Collected data entries
theorem theorem2p1:
  fixes X :: "real^'n::finite^'i::finite"
    and l1 l2 beta th :: real
  assumes l1: "l1 > 0" and l2: "l2 > 0" and beta: "beta > 0"
    and th: "th > (1 / real CARD('n)) * (frob X)^2"
  defines "a \<equiv> alpha X TYPE('h::finite) l1 l2 th"
    and "Ob \<equiv> (Oobj X l1 l2 beta :: ('i,'h,'n) var \<Rightarrow> real)"
  defines "Z \<equiv> Omega2 X \<inter> Omega3 a"
    and "Omth \<equiv> {z \<in> Omega2 X. Ob z \<le> th}"
  defines "Zstar \<equiv> {z \<in> Z. \<forall>y\<in>Z. Ob z \<le> Ob y}"
    and "S \<equiv> {z \<in> Omega2 X. \<forall>y\<in>Omega2 X. Ob z \<le> Ob y}"
  shows "(\<forall>z\<in>Omth.
            (frob (Wof z))^2 \<le> th / l2 \<and> norm1 (Vof z) \<le> th / l1 \<and> bposinf z \<le> a
          \<and> closest_point (Omega3 a) z \<in> Z \<and> Ob (closest_point (Omega3 a) z) = Ob z)
       \<and> Zstar \<noteq> {} \<and> bounded Zstar \<and> Zstar \<subseteq> S"
proof -
  have "0 \<le> (1 / real CARD('n)) * (frob X)^2" by simp
  then have th0: "0 \<le> th" using th by linarith
  have a0: "0 \<le> a" unfolding a_def using l1 l2 th0 by (rule alpha_nonneg)
  have Ob_zero: "Ob 0 \<le> th" "0 \<in> Z"
    using th a0 by (auto simp: Ob_def Z_def Oobj_zero Omega2_zero Omega3_def binf_def b1of_def b2of_def)
  have sublevel: "(frob (Wof z))^2 \<le> th / l2 \<and> norm1 (Vof z) \<le> th / l1 \<and> bposinf z \<le> a
      \<and> clamp_bias a z \<in> Z \<and> Ob (clamp_bias a z) = Ob z" if "z \<in> Omth" for z
  proof -
    interpret Omega2_sublevel X l1 l2 beta th z
      using that l1 l2 beta unfolding Omth_def Ob_def by unfold_locales auto
    show ?thesis
      using objective_parts_le(2) norm1_V_le bposinf_le_alpha clamp_bias_mem_Omega2
        clamp_bias_mem_Omega3[OF a0] Oobj_clamp_bias
      unfolding Ob_def Z_def a_def by simp
  qed
  have "continuous_on Z Ob" unfolding Ob_def by (rule continuous_on_subset[OF continuous_on_Oobj]) simp
  moreover have "closed Z" unfolding Z_def by (intro closed_Int closed_Omega2 closed_Omega3)
  moreover have "bounded {z \<in> Z. Ob z \<le> th}"
    using bounded_Oobj_sublevel[OF l1 l2 less_imp_le[OF beta]] unfolding Z_def Ob_def by simp
  ultimately have "Zstar \<noteq> {}" "bounded Zstar"
    using argmin_nonempty_bounded[of Z Ob 0 th] Ob_zero unfolding Zstar_def by auto
  moreover have "Zstar \<subseteq> S"
    unfolding Zstar_def S_def
  proof (rule argmin_subset_argmin[of Z "Omega2 X" 0 Ob th])
    show "\<exists>y'\<in>Z. Ob y' \<le> Ob y" if "y \<in> Omega2 X" "Ob y \<le> th" for y
      using sublevel[of y] that unfolding Omth_def by (intro bexI[of _ "clamp_bias a y"]) auto
  qed (use Ob_zero in \<open>auto simp: Z_def\<close>)
  ultimately show ?thesis
    unfolding closest_point_Omega3[OF a0] using sublevel by blast
qed

end
(* The zero-error capacity of the $(w,d)$ sliding-window symmetric channel over $\mathbb{Z}_q$ satisfies $$1-\frac{1}{w}\log_q V^w_{2d}(q)\ \le\ C_0\ \le\ 1-\frac{d}{w}\log_q(q-1).$$ Moreover, if $d\ge w/2$ then $C_0=0$.
   Context: $V^n_r(q)=\sum_{i=0}^{\min(r,n)}\binom{n}{i}(q-1)^i$. Integers $w\ge1$, $0\le d\le w$, $q\ge2$. The $(w,d)$ sliding-window symmetric channel has input and output alphabet $\mathbb{Z}_q$; a noise word $v(0:n-1)\in\mathbb{Z}_q^n$ is admissible if for some initial pattern $v(-w:-1)\in\mathbb{Z}_q^w$ every $w$ consecutive entries of $(v(-w),\dots,v(n-1))$ contain at most $d$ nonzero entries; the output is $y(t)=x(t)+v(t)\bmod q$. A zero-error code of length $n$ is a set $\mathcal{F}\subseteq\mathbb{Z}_q^n$ such that no output word can be produced by two distinct codewords under admissible noise; $C_0=\sup_n\sup_{\mathcal{F}}\log_q|\mathcal{F}|/n$. *)

theory Defs
  imports Complex_Main
begin

definition words :: "nat \<Rightarrow> nat \<Rightarrow> nat list set" where
  "words q n = {xs. length xs = n \<and> set xs \<subseteq> {..<q}}"

definition V :: "nat \<Rightarrow> nat \<Rightarrow> nat \<Rightarrow> nat" where
  "V n r q = (\<Sum>i = 0..min r n. (n choose i) * (q - 1) ^ i)"

definition window_ok :: "nat \<Rightarrow> nat \<Rightarrow> nat list \<Rightarrow> bool" where
  "window_ok w d s = (\<forall>i. i + w \<le> length s \<longrightarrow>
      length (filter (\<lambda>a. a \<noteq> 0) (take w (drop i s))) \<le> d)"

text \<open>Admissible noise word of length n: some initial pattern v(-w..-1) exists.\<close>
definition admissible :: "nat \<Rightarrow> nat \<Rightarrow> nat \<Rightarrow> nat \<Rightarrow> nat list \<Rightarrow> bool" where
  "admissible q w d n v = (v \<in> words q n \<and>
      (\<exists>u \<in> words q w. window_ok w d (u @ v)))"

definition channel_out :: "nat \<Rightarrow> nat list \<Rightarrow> nat list \<Rightarrow> nat list" where
  "channel_out q x v = map2 (\<lambda>a b. (a + b) mod q) x v"

definition zero_error_code :: "nat \<Rightarrow> nat \<Rightarrow> nat \<Rightarrow> nat \<Rightarrow> nat list set \<Rightarrow> bool" where
  "zero_error_code q w d n F = (F \<subseteq> words q n \<and>
     (\<forall>x1 \<in> F. \<forall>x2 \<in> F. x1 \<noteq> x2 \<longrightarrow>
        \<not> (\<exists>v1 v2. admissible q w d n v1 \<and> admissible q w d n v2 \<and>
              channel_out q x1 v1 = channel_out q x2 v2)))"

definition C0 :: "nat \<Rightarrow> nat \<Rightarrow> nat \<Rightarrow> real" where
  "C0 q w d = (SUP n \<in> {1..}. SUP F \<in> {F. F \<noteq> {} \<and> zero_error_code q w d n F}.
                  log (real q) (real (card F)) / real n)"

end

(*
  Upper bound: a noise word whose nonzero entries lie at positions t with t mod w in a
  set of at most d residues is admissible, starting from the all-zero initial pattern.
  Two codewords that agree at every position with t mod w \<ge> d are therefore confusable:
  the noise can move the first onto the second.  So projecting onto those positions is
  injective on a zero-error code, which gives C0 \<le> 1 - d/w, a bound at least as strong
  as the stated one because log_q (q - 1) \<le> 1.  If d \<ge> w/2, the residues below d and
  those from d on both have at most d elements, so any two words are confusable.

  Lower bound: an admissible noise word of length w has weight at most d, so a code of
  length w with minimum Hamming distance > 2d is zero-error; a maximal such code covers
  all q^w words by Hamming balls of radius 2d (Gilbert-Varshamov).
*)

theory Submission
  imports Defs "HOL-Number_Theory.Cong"
begin
lemma Gamma_cov_from_cover:
  assumes cv: "covP P p1 p2" and k2: "k2 \<in> R p2"
    and k1: "R_le R p1 k2 k1" and k1_lt: "k1 < Max (R p1)"
  obtains k2' where "k2 \<le> k2'" and "(p2, k2') \<in> Gamma_set P R"
    and "Gamma_cov P R (p1, k1) (p2, k2')"
proof -
  have p1: "p1 \<in> P" and p2: "p2 \<in> P" using cv unfolding covP_def by blast+
  define U where "U = {k \<in> R p2. k2 \<le> k \<and> R_le R p1 k k1}"
  have U: "finite U" "k2 \<in> U" using finite_R[OF p2] k2 k1 unfolding U_def by auto
  define k2' where "k2' = Max U"
  have k2'U: "k2' \<in> U" and k2'_max: "\<And>k. k \<in> U \<Longrightarrow> k \<le> k2'"
    using Max_in[OF U(1)] Max_ge[OF U(1)] U(2) unfolding k2'_def by blast+
  have k2'_le: "R_le R p1 k2' k1" and k2'R: "k2' \<in> R p2" and "k2 \<le> k2'"
    using k2'U unfolding U_def by auto
  have "k2' < Max (R p2)"
  proof (rule ccontr)
    assume "\<not> k2' < Max (R p2)"
    then have "Max (R p1) \<le> k2'" using cover_Max_le[OF cv] by simp
    then have "Max (R p1) \<le> k1"
      using k2'_le Max_in[OF finite_R[OF p1] R_nonempty[OF p1]] by (auto simp: R_le_iff[OF p1])
    with k1_lt show False by simp
  qed
  then have "(p2, k2') \<in> Gamma_set P R" using p2 k2'R by (simp add: Gamma_set_iff)
  moreover have "Gamma_cov P R (p1, k1) (p2, k2')"
    using cv k2'_le k2'_max \<open>k2 \<le> k2'\<close> unfolding Gamma_cov_def U_def by force
  ultimately show thesis using that \<open>k2 \<le> k2'\<close> by blast
qed

lemma fun_of_ideal_cover_mono:
  assumes I: "I \<in> Gamma_ideals" and cv: "covP P p1 p2"
  shows "fun_of_ideal I p1 \<le> fun_of_ideal I p2"
proof -
  have p1: "p1 \<in> P" and p2: "p2 \<in> P" using cv unfolding covP_def by blast+
  consider "fun_of_ideal I p2 = Max (R p2)"
    | "(p2, fun_of_ideal I p2) \<in> I" "(p2, fun_of_ideal I p2) \<in> Gamma_set P R"
    using fun_of_ideal_cases[OF p2] by blast
  then show ?thesis
  proof cases
    case 1
    then show ?thesis using order_trans[OF fun_of_ideal_le_Max[OF p1] cover_Max_le[OF cv]] by simp
  next
    case 2
    define k2 where "k2 = fun_of_ideal I p2"
    have k2I: "(p2, k2) \<in> I" and k2G: "(p2, k2) \<in> Gamma_set P R" using 2 unfolding k2_def by auto
    have "k2 \<in> R p2" using k2G by (simp add: Gamma_set_iff)
    then have "Min (R p1) \<le> k2"
      using order_trans[OF cover_Min_le[OF cv] Min_le[OF finite_R[OF p2]]] by blast
    then have "{j \<in> R p1. j \<le> k2} \<noteq> {}"
      using Min_in[OF finite_R[OF p1] R_nonempty[OF p1]] by blast
    then obtain k1 where k1: "R_le R p1 k2 k1" unfolding R_le_def by blast
    then have k1R: "k1 \<in> R p1" and "k1 \<le> k2" by (auto simp: R_le_iff[OF p1])
    have "fun_of_ideal I p1 \<le> k1"
    proof (cases "k1 < Max (R p1)")
      case False
      then show ?thesis using fun_of_ideal_le_Max[OF p1] Max_R_ge[OF p1 k1R] by simp
    next
      case True
      obtain k2' where "k2 \<le> k2'" and k2'G: "(p2, k2') \<in> Gamma_set P R"
        and cov: "Gamma_cov P R (p1, k1) (p2, k2')"
        using Gamma_cov_from_cover[OF cv _ k1 True] k2G by (auto simp: Gamma_set_iff)
      have k1G: "(p1, k1) \<in> Gamma_set P R" using p1 k1R True by (simp add: Gamma_set_iff)
      have "(p2, k2') \<in> I"
        using order_idealsD[OF I k2I k2'G Gamma_le_fibre[OF k2'G k2G \<open>k2 \<le> k2'\<close>]] .
      then have "(p1, k1) \<in> I"
        using order_idealsD[OF I _ k1G Gamma_cov_imp_le[OF k1G k2'G cov]] by blast
      then show ?thesis using fun_of_ideal_le k1G by blast
    qed
    then show ?thesis using \<open>k1 \<le> k2\<close> unfolding k2_def by simp
  qed
qed

lemma fun_of_ideal_in_WInc:
  assumes I: "I \<in> Gamma_ideals"
  shows "fun_of_ideal I \<in> WInc P R"
  unfolding WInc_def
proof (intro CollectI conjI ballI allI impI)
  show "fun_of_ideal I p \<in> R p" if "p \<in> P" for p
    using fun_of_ideal_in_R[OF that] .
  show "fun_of_ideal I p1 \<le> fun_of_ideal I p2" if "p1 \<in> P" "p2 \<in> P" "p1 < p2" for p1 p2
    using mono_on_covers_imp_mono[OF finite_P fun_of_ideal_cover_mono[OF I] that] .
  show "fun_of_ideal I p = 0" if "p \<notin> P" for p
    using that unfolding fun_of_ideal_def by simp
qed

lemma bij_betw_fun_of_ideal:
  "bij_betw fun_of_ideal Gamma_ideals (WInc P R)"
  by (rule bij_betw_byWitness[where f' = ideal_of_fun])
    (auto simp: ideal_of_fun_of_ideal fun_of_ideal_of_fun fun_of_ideal_in_WInc
      ideal_of_fun_in_order_ideals)

lemma ideal_of_fun_inject:
  "f \<in> WInc P R \<Longrightarrow> g \<in> WInc P R \<Longrightarrow> ideal_of_fun f = ideal_of_fun g \<longleftrightarrow> f = g"
  by (metis fun_of_ideal_of_fun)

lemma wle_iff_ideal_of_fun_subset:
  assumes f: "f \<in> WInc P R" and g: "g \<in> WInc P R"
  shows "wle P f g \<longleftrightarrow> ideal_of_fun g \<subseteq> ideal_of_fun f"
proof
  assume "wle P f g"
  then show "ideal_of_fun g \<subseteq> ideal_of_fun f"
    unfolding wle_def ideal_of_fun_def Gamma_set_def by force
next
  assume sub: "ideal_of_fun g \<subseteq> ideal_of_fun f"
  show "wle P f g" unfolding wle_def
  proof
    fix p assume p: "p \<in> P"
    have fp: "f p \<in> R p" and gp: "g p \<in> R p" using f g p unfolding WInc_def by blast+
    show "f p \<le> g p"
    proof (cases "g p < Max (R p)")
      case True
      then have "(p, g p) \<in> ideal_of_fun g" using p gp by (simp add: ideal_of_fun_def Gamma_set_iff)
      then show ?thesis using sub unfolding ideal_of_fun_def by auto
    next
      case False
      then show ?thesis using Max_R_ge[OF p fp] by simp
    qed
  qed
qed

lemma ideal_of_fun_wmeet: "ideal_of_fun (wmeet f g) = ideal_of_fun f \<union> ideal_of_fun g"
  unfolding ideal_of_fun_def wmeet_def by auto

lemma wmeet_in_WInc:
  assumes f: "f \<in> WInc P R" and g: "g \<in> WInc P R"
  shows "wmeet f g \<in> WInc P R"
  unfolding WInc_def wmeet_def
proof (intro CollectI conjI ballI allI impI)
  show "min (f p) (g p) \<in> R p" if "p \<in> P" for p
    using f g that unfolding WInc_def min_def by simp
  show "min (f p1) (g p1) \<le> min (f p2) (g p2)" if "p1 \<in> P" "p2 \<in> P" "p1 < p2" for p1 p2
    using f g that unfolding WInc_def by (intro min.mono) blast+
  show "min (f p) (g p) = 0" if "p \<notin> P" for p
    using f g that unfolding WInc_def by simp
qed

lemma is_top_iff_ideal_of_fun_empty:
  assumes f: "f \<in> WInc P R"
  shows "is_top (wle P) (WInc P R) f \<longleftrightarrow> ideal_of_fun f = {}"
proof
  assume "is_top (wle P) (WInc P R) f"
  moreover have top: "fun_of_ideal {} \<in> WInc P R"
    using fun_of_ideal_in_WInc[OF empty_in_order_ideals] .
  ultimately have "ideal_of_fun f \<subseteq> ideal_of_fun (fun_of_ideal {})"
    using wle_iff_ideal_of_fun_subset[OF top f] unfolding is_top_def by blast
  then show "ideal_of_fun f = {}"
    using ideal_of_fun_of_ideal[OF empty_in_order_ideals] by simp
next
  assume "ideal_of_fun f = {}"
  then show "is_top (wle P) (WInc P R) f"
    using f wle_iff_ideal_of_fun_subset unfolding is_top_def by auto
qed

> **AIM OF THE TASK**
Search the entries above for "forall". Show every line that has it.

> **REPLY**
  defines "Zstar \<equiv> {z \<in> Z. \<forall>y\<in>Z. Ob z \<le> Ob y}"
    and "S \<equiv> {z \<in> Omega2 X. \<forall>y\<in>Omega2 X. Ob z \<le> Ob y}"
  shows "(\<forall>z\<in>Omth.
  "window_ok w d s = (\<forall>i. i + w \<le> length s \<longrightarrow>
     (\<forall>x1 \<in> F. \<forall>x2 \<in> F. x1 \<noteq> x2 \<longrightarrow>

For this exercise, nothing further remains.